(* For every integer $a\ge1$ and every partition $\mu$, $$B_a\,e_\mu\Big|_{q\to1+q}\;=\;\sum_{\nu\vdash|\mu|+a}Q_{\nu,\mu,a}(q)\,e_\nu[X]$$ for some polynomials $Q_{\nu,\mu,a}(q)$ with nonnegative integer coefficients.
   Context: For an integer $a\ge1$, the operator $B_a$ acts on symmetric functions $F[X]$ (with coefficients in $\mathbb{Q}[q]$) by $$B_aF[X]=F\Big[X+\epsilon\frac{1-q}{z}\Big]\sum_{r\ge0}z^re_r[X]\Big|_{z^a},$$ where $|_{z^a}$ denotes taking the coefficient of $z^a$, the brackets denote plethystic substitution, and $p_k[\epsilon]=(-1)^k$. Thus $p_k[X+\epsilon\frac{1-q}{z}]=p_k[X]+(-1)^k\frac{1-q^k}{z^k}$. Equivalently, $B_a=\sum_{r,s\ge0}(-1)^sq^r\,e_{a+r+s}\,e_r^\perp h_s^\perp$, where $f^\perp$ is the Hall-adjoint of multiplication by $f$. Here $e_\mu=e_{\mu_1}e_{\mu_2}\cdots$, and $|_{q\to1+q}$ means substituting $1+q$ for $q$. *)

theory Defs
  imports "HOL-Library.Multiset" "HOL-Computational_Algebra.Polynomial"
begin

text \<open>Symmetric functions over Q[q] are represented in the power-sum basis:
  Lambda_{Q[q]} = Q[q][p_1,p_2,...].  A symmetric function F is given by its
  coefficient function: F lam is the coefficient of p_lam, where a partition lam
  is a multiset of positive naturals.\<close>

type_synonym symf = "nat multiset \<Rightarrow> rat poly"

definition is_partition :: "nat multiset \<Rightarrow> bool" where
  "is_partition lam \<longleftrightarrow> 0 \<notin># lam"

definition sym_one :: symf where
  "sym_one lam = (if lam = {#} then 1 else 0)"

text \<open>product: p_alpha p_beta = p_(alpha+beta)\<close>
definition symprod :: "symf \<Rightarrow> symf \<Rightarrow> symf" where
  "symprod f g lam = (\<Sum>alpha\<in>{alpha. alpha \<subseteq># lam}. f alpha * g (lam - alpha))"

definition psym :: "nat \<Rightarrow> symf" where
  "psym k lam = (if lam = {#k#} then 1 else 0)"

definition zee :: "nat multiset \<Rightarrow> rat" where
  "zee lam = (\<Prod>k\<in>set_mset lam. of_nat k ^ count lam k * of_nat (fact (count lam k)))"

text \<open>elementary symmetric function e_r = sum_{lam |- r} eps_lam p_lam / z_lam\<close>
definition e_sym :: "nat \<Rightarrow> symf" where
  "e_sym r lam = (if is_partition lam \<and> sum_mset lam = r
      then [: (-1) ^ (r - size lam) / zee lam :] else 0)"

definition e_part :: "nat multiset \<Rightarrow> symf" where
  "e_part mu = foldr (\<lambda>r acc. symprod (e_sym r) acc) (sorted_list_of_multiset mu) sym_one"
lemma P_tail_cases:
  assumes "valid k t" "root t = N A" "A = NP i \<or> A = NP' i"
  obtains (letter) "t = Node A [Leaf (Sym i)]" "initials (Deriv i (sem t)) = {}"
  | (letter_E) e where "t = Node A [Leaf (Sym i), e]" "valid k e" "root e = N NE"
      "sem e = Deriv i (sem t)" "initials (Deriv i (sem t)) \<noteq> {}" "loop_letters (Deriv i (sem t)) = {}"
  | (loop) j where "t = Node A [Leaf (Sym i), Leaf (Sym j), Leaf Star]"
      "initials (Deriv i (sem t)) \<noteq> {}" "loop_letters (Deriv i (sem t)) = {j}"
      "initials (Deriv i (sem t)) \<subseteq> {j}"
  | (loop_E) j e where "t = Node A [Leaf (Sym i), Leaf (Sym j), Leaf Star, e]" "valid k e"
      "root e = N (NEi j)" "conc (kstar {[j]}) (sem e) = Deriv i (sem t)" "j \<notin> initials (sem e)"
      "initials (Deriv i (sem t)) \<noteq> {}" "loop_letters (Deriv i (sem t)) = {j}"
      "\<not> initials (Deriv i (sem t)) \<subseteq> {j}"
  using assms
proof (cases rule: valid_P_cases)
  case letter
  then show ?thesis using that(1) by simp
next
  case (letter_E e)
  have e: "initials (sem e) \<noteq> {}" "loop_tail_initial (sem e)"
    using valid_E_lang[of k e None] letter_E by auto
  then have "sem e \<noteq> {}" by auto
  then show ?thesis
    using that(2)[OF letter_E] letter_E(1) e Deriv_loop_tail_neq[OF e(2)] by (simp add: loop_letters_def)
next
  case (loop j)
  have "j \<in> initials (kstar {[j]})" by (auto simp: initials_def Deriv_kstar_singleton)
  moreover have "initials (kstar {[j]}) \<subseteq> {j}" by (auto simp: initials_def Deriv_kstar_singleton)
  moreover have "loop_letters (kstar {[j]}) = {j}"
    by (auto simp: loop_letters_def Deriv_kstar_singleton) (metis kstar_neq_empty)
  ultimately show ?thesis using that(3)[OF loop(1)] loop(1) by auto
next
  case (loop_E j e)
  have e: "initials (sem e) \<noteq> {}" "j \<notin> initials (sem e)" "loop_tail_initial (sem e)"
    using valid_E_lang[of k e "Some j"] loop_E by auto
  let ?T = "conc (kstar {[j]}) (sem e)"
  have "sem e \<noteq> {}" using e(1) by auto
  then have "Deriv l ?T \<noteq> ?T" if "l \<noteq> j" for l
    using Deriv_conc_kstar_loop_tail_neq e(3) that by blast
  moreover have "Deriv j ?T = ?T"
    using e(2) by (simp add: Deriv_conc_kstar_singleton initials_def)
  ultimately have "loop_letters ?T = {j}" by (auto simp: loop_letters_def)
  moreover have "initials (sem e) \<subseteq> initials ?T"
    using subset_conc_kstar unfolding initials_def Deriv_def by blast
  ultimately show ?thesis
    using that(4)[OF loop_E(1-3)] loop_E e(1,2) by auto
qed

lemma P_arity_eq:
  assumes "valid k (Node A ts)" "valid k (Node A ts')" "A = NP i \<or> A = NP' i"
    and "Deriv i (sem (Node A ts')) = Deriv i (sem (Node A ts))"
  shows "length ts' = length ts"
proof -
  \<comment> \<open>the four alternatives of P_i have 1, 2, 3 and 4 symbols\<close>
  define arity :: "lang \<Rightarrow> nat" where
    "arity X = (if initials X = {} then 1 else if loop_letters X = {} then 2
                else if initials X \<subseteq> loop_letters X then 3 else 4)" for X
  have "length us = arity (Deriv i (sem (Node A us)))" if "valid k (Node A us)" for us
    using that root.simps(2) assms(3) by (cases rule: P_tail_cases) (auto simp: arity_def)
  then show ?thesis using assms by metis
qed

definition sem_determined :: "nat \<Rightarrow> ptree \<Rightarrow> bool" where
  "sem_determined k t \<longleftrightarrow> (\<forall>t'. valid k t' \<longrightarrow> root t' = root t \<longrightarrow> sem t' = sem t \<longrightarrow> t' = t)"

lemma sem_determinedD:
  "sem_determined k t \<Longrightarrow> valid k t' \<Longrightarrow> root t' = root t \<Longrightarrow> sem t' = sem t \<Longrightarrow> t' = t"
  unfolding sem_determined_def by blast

Exercise prompt:
Look above for the line holding "(auto simp: loop_letters_def)" and the line holding "k t \<longleftrightarrow>", then output exactly those two lines and every line between them, nothing more.

Solved exercise:
  ultimately have "loop_letters ?T = {j}" by (auto simp: loop_letters_def)
  moreover have "initials (sem e) \<subseteq> initials ?T"
    using subset_conc_kstar unfolding initials_def Deriv_def by blast
  ultimately show ?thesis
    using that(4)[OF loop_E(1-3)] loop_E e(1,2) by auto
qed

lemma P_arity_eq:
  assumes "valid k (Node A ts)" "valid k (Node A ts')" "A = NP i \<or> A = NP' i"
    and "Deriv i (sem (Node A ts')) = Deriv i (sem (Node A ts))"
  shows "length ts' = length ts"
proof -
  \<comment> \<open>the four alternatives of P_i have 1, 2, 3 and 4 symbols\<close>
  define arity :: "lang \<Rightarrow> nat" where
    "arity X = (if initials X = {} then 1 else if loop_letters X = {} then 2
                else if initials X \<subseteq> loop_letters X then 3 else 4)" for X
  have "length us = arity (Deriv i (sem (Node A us)))" if "valid k (Node A us)" for us
    using that root.simps(2) assms(3) by (cases rule: P_tail_cases) (auto simp: arity_def)
  then show ?thesis using assms by metis
qed

definition sem_determined :: "nat \<Rightarrow> ptree \<Rightarrow> bool" where
  "sem_determined k t \<longleftrightarrow> (\<forall>t'. valid k t' \<longrightarrow> root t' = root t \<longrightarrow> sem t' = sem t \<longrightarrow> t' = t)"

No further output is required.